Dump of file teof.exe
File Type: EXECUTABLE IMAGE
Summary
1000 .data
1000 .idata
1000 .rdata
1000 .text
1000 .trace
Check the file size with a simple directory command. Here's the teof.exe example linked against the dynamic Fortran library with traceback:
03/03/98 01:45p 5,120 teof.exe
1 File(s) 5,120 bytes
Without traceback, the following appears:
03/03/98 01:46p 4,608 teof.exe
1 File(s) 4,608 bytes
For this simple example, the traceback correlation information added 512 bytes to the image size. In a real application, this would probably be much larger. For any application, the developer must decide if the increase in image size is worth the benefit of automatic PC correlation or if manually correlating PC's with a map file is acceptable.

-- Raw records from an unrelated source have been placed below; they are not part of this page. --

lemma lsa_Ehat:
  assumes "c \<noteq> 0"
  shows "lsa d M (WPV d c) (WKQ d Q v c) (Ehat d M w xs eps xq)
       = linform {..<d} (\<lambda>m. \<Sum>l<d. label_moment d M w (xs, eps) l * eig_matrix d Q v l m) xq"
proof -
  let ?E = "Ehat d M w xs eps xq" and ?\<Gamma> = "eig_matrix d Q v"
  have E_corner: "?E d M = 0"
    unfolding Ehat_def by simp
  have PV: "mmul (d+1) (WPV d c) ?E d j = ?E d j / c" for j
    unfolding mmul_def WPV_def by (simp add: lessThan_Suc)
  have KQ: "mmul (d+1) (mmul (d+1) (mtrans ?E) (WKQ d Q v c)) ?E j M
      = c * (\<Sum>m<d. (\<Sum>l<d. ?E l j * ?\<Gamma> l m) * ?E m M)" for j
    unfolding mmul_def mtrans_def WKQ_def eig_matrix_def
    by (simp add: lessThan_Suc sum_distrib_left sum_distrib_right ac_simps)
  have "lsa d M (WPV d c) (WKQ d Q v c) ?E
      = (\<Sum>j<M. ?E d j * (\<Sum>m<d. (\<Sum>l<d. ?E l j * ?\<Gamma> l m) * ?E m M)) / real M"
    using assms unfolding lsa_def mmul_def[of "M+1"] PV KQ by (simp add: lessThan_Suc E_corner)
  also have "\<dots> = (\<Sum>j<M. label d w (xs, eps) j * (\<Sum>m<d. (\<Sum>l<d. xs j l * ?\<Gamma> l m) * xq m)) / real M"
    unfolding Ehat_def label_def linform_def by (intro arg_cong2[where f="(/)"] sum.cong refl) auto
  also have "\<dots> = (\<Sum>m<d. \<Sum>l<d. \<Sum>j<M. label d w (xs, eps) j * xs j l * ?\<Gamma> l m * xq m / real M)"
    by (simp add: sum_distrib_left sum_distrib_right sum_divide_distrib ac_simps sum.swap[of _ "{..<M}"])
  also have "\<dots> = linform {..<d} (\<lambda>m. \<Sum>l<d. label_moment d M w (xs, eps) l * ?\<Gamma> l m) xq"
    unfolding linform_def label_moment_def
    by (simp add: sum_distrib_left sum_distrib_right sum_divide_distrib ac_simps)
  finally show ?thesis .
qed

lemma lsa_Ehat_minus_target:
  assumes "c \<noteq> 0"
  shows "lsa d M (WPV d c) (WKQ d Q v c) (Ehat d M w xs eps xq) - linform {..<d} w xq
       = linform {..<d} (weight_error d M w (eig_matrix d Q v) (xs, eps)) xq"
  unfolding lsa_Ehat[OF assms] weight_error_def linform_def
  by (simp add: algebra_simps sum_subtractf)

lemma measurable_weight_error [measurable]:
  "(\<lambda>p. weight_error d M w \<Gamma> p m) \<in> borel_measurable (prompt_measure d M \<Lambda> \<sigma>)"
  unfolding weight_error_def label_moment_def label_def linform_def by measurable

context gram_factorable
begin

lemma icl_loss_lsa:
  assumes "c \<noteq> 0"
  shows "icl_loss d M \<Lambda> \<sigma> w (lsa d M (WPV d c) (WKQ d Q v c))
    = (\<integral>p. qform d \<Lambda> (weight_error d M w (eig_matrix d Q v) p) (weight_error d M w (eig_matrix d Q v) p)
        \<partial>prompt_measure d M \<Lambda> \<sigma>)"
proof -
  let ?g = "weight_error d M w (eig_matrix d Q v)" and ?G = "gauss_vec d \<Lambda>"
  let ?P = "prompt_measure d M \<Lambda> \<sigma>"
  interpret G: prob_space ?G by (rule prob_space_gauss_vec)
  have [measurable]: "(\<lambda>z. (linform {..<d} (?g (fst z)) (snd z))\<^sup>2) \<in> borel_measurable (?P \<Otimes>\<^sub>M ?G)"
    unfolding linform_def by measurable
  have [measurable]: "(\<lambda>p. qform d \<Lambda> (?g p) (?g p)) \<in> borel_measurable ?P"
    unfolding qform_def by measurable
  have inner: "(\<integral>\<^sup>+x. ennreal ((linform {..<d} (?g p) x)\<^sup>2) \<partial>?G) = ennreal (qform d \<Lambda> (?g p) (?g p))" for p
  proof -
    have "integrable ?G (\<lambda>x. (linform {..<d} (?g p) x)\<^sup>2)"
      using integrable_gauss_vec_linform_prod[of d \<Lambda> "[?g p, ?g p]"] by (simp add: power2_eq_square)
    then show ?thesis
      using integral_gauss_vec_linform_mult[of "?g p" "?g p"]
      by (subst nn_integral_eq_integral) (auto simp: power2_eq_square)
  qed
  \<comment> \<open>Integrating the query out first (Tonelli) needs no integrability of the loss.\<close>
  have "icl_loss d M \<Lambda> \<sigma> w (lsa d M (WPV d c) (WKQ d Q v c))
      = (\<integral>z. (linform {..<d} (?g (fst z)) (snd z))\<^sup>2 \<partial>(?P \<Otimes>\<^sub>M ?G))"
    unfolding icl_loss_def data_measure_def
    by (intro Bochner_Integration.integral_cong refl)
      (auto simp: lsa_Ehat_minus_target[OF assms, unfolded linform_def] linform_def split: prod.split)
  also have "\<dots> = enn2real (\<integral>\<^sup>+p. \<integral>\<^sup>+x. ennreal ((linform {..<d} (?g p) x)\<^sup>2) \<partial>?G \<partial>?P)"
    by (subst integral_eq_nn_integral) (auto simp: G.nn_integral_fst[symmetric])
  also have "\<dots> = (\<integral>p. qform d \<Lambda> (?g p) (?g p) \<partial>?P)"
    by (subst integral_eq_nn_integral) (auto simp: inner qform_nonneg)
  finally show ?thesis .
qed

end

section \<open>Eigen-coordinates\<close>

locale eigen_decomp =
  fixes d :: nat and Q \<Lambda> :: "nat \<Rightarrow> nat \<Rightarrow> real" and lam :: "nat \<Rightarrow> real"
  assumes orth: "\<forall>i<d. \<forall>j<d. (\<Sum>l<d. Q l i * Q l j) = (if i = j then 1 else 0)"
    and eig: "\<forall>i<d. \<forall>j<d. \<Lambda> i j = (\<Sum>l<d. Q i l * lam l * Q j l)"
    and nonneg: "\<forall>i<d. lam i \<ge> 0"
begin

abbreviation from_eig :: "(nat \<Rightarrow> real) \<Rightarrow> nat \<Rightarrow> real" where
  "from_eig s \<equiv> \<lambda>i. \<Sum>l<d. Q i l * s l"

sublocale gram_factorable d \<Lambda>
proof (unfold_locales, intro exI allI impI)
  fix i j assume "i < d" "j < d"
  have "(\<Sum>l<d. (Q i l * sqrt (lam l)) * (Q j l * sqrt (lam l))) = (\<Sum>l<d. Q i l * lam l * Q j l)"
    using nonneg by (intro sum.cong refl) (auto simp: ac_simps)
  also have "\<dots> = \<Lambda> i j"
    using eig \<open>i < d\<close> \<open>j < d\<close> by simp
  finally show "(\<Sum>l<d. (Q i l * sqrt (lam l)) * (Q j l * sqrt (lam l))) = \<Lambda> i j" .
qed

lemma qform_eig: "qform d \<Lambda> a b = (\<Sum>k<d. lam k * (\<Sum>m<d. Q m k * a m) * (\<Sum>n<d. Q n k * b n))"
proof -
  have "qform d \<Lambda> a b = (\<Sum>i<d. \<Sum>j<d. \<Sum>k<d. a i * Q i k * lam k * Q j k * b j)"
    unfolding qform_def using eig by (intro sum.cong refl) (simp add: sum_distrib_left sum_distrib_right ac_simps)
  also have "\<dots> = (\<Sum>i<d. \<Sum>k<d. \<Sum>j<d. a i * Q i k * lam k * Q j k * b j)"
    by (intro sum.cong refl sum.swap)
  also have "\<dots> = (\<Sum>k<d. \<Sum>i<d. \<Sum>j<d. a i * Q i k * lam k * Q j k * b j)"
    by (rule sum.swap)
  also have "\<dots> = (\<Sum>k<d. lam k * (\<Sum>m<d. Q m k * a m) * (\<Sum>n<d. Q n k * b n))"
    by (simp add: sum_distrib_left sum_distrib_right ac_simps)
  finally show ?thesis .
qed

lemma sum_orth_delta:
  assumes "k < d"
  shows "(\<Sum>p<d. (\<Sum>m<d. Q m k * Q m p) * f p) = f k"
proof -
  have "(\<Sum>p<d. (\<Sum>m<d. Q m k * Q m p) * f p) = (\<Sum>p<d. if k = p then f p else 0)"
    using orth assms by (intro sum.cong) auto
  then show ?thesis
    using assms by simp
qed

lemma transpose_from_eig:
  assumes "k < d"
  shows "(\<Sum>m<d. Q m k * from_eig s m) = s k"
proof -
  have "(\<Sum>m<d. Q m k * from_eig s m) = (\<Sum>m<d. \<Sum>p<d. Q m k * Q m p * s p)"
    by (simp add: sum_distrib_left ac_simps)
  also have "\<dots> = (\<Sum>p<d. (\<Sum>m<d. Q m k * Q m p) * s p)"
    by (subst sum.swap) (simp add: sum_distrib_right)
  finally show ?thesis
    using sum_orth_delta[OF assms] by simp
qed

lemma transpose_eig_matrix:
  assumes "k < d"
  shows "(\<Sum>m<d. Q m k * eig_matrix d Q v l m) = Q l k * v k"
proof -
  have "(\<Sum>m<d. Q m k * eig_matrix d Q v l m) = (\<Sum>m<d. \<Sum>p<d. Q m k * Q m p * (Q l p * v p))"
    unfolding eig_matrix_def by (simp add: sum_distrib_left ac_simps)
  also have "\<dots> = (\<Sum>p<d. (\<Sum>m<d. Q m k * Q m p) * (Q l p * v p))"
    by (subst sum.swap) (simp add: sum_distrib_right)
  finally show ?thesis
    using sum_orth_delta[OF assms] by simp
qed

lemma transpose_weight_error:
  assumes "k < d"
  shows "(\<Sum>m<d. Q m k * weight_error d M (from_eig s) (eig_matrix d Q v) p m)
       = v k * linform {..<d} (\<lambda>l. Q l k) (label_moment d M (from_eig s) p) - s k"
proof -
  let ?h = "label_moment d M (from_eig s) p"
  have "(\<Sum>m<d. Q m k * weight_error d M (from_eig s) (eig_matrix d Q v) p m)
      = (\<Sum>m<d. \<Sum>l<d. ?h l * (Q m k * eig_matrix d Q v l m)) - (\<Sum>m<d. Q m k * from_eig s m)"
    unfolding weight_error_def by (simp add: algebra_simps sum_subtractf sum_distrib_left)
  also have "(\<Sum>m<d. \<Sum>l<d. ?h l * (Q m k * eig_matrix d Q v l m))
      = (\<Sum>l<d. ?h l * (\<Sum>m<d. Q m k * eig_matrix d Q v l m))"
    by (subst sum.swap) (simp add: sum_distrib_left)
  finally show ?thesis
    by (simp only: transpose_eig_matrix[OF assms] transpose_from_eig[OF assms])
      (simp add: linform_def sum_distrib_left ac_simps)
qed

lemma qform_weight_error:
  "qform d \<Lambda> (weight_error d M (from_eig s) (eig_matrix d Q v) p) (weight_error d M (from_eig s) (eig_matrix d Q v) p)
     = (\<Sum>k<d. lam k * (v k * linform {..<d} (\<lambda>l. Q l k) (label_moment d M (from_eig s) p) - s k)\<^sup>2)"
  unfolding qform_eig by (intro sum.cong refl) (simp add: transpose_weight_error power2_eq_square)

lemma qform_eigvec:
  assumes "k < d"
  shows "qform d \<Lambda> a (\<lambda>l. Q l k) = lam k * (\<Sum>m<d. Q m k * a m)"
proof -
  have "qform d \<Lambda> a (\<lambda>l. Q l k) = (\<Sum>j<d. (\<Sum>m<d. Q m j * a m) * (\<Sum>n<d. Q n j * Q n k) * lam j)"
    unfolding qform_eig by (intro sum.cong refl) (simp add: ac_simps)
  also have "\<dots> = (\<Sum>j<d. if j = k then (\<Sum>m<d. Q m j * a m) * lam j else 0)"
    using orth assms by (intro sum.cong refl) auto
  finally show ?thesis
    using assms by simp
qed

For command-line use and in the release configuration in the visual development environment, traceback information is not included by default in Fortran compiles (default is /notraceback). In the visual development environment, the default is /traceback in the debug configuration. For the release configuration, request traceback in the Run Time category of the Project Settings dialog box.
If an error occurs when traceback was requested during compilation, the run-time library will produce the correlated call stack display.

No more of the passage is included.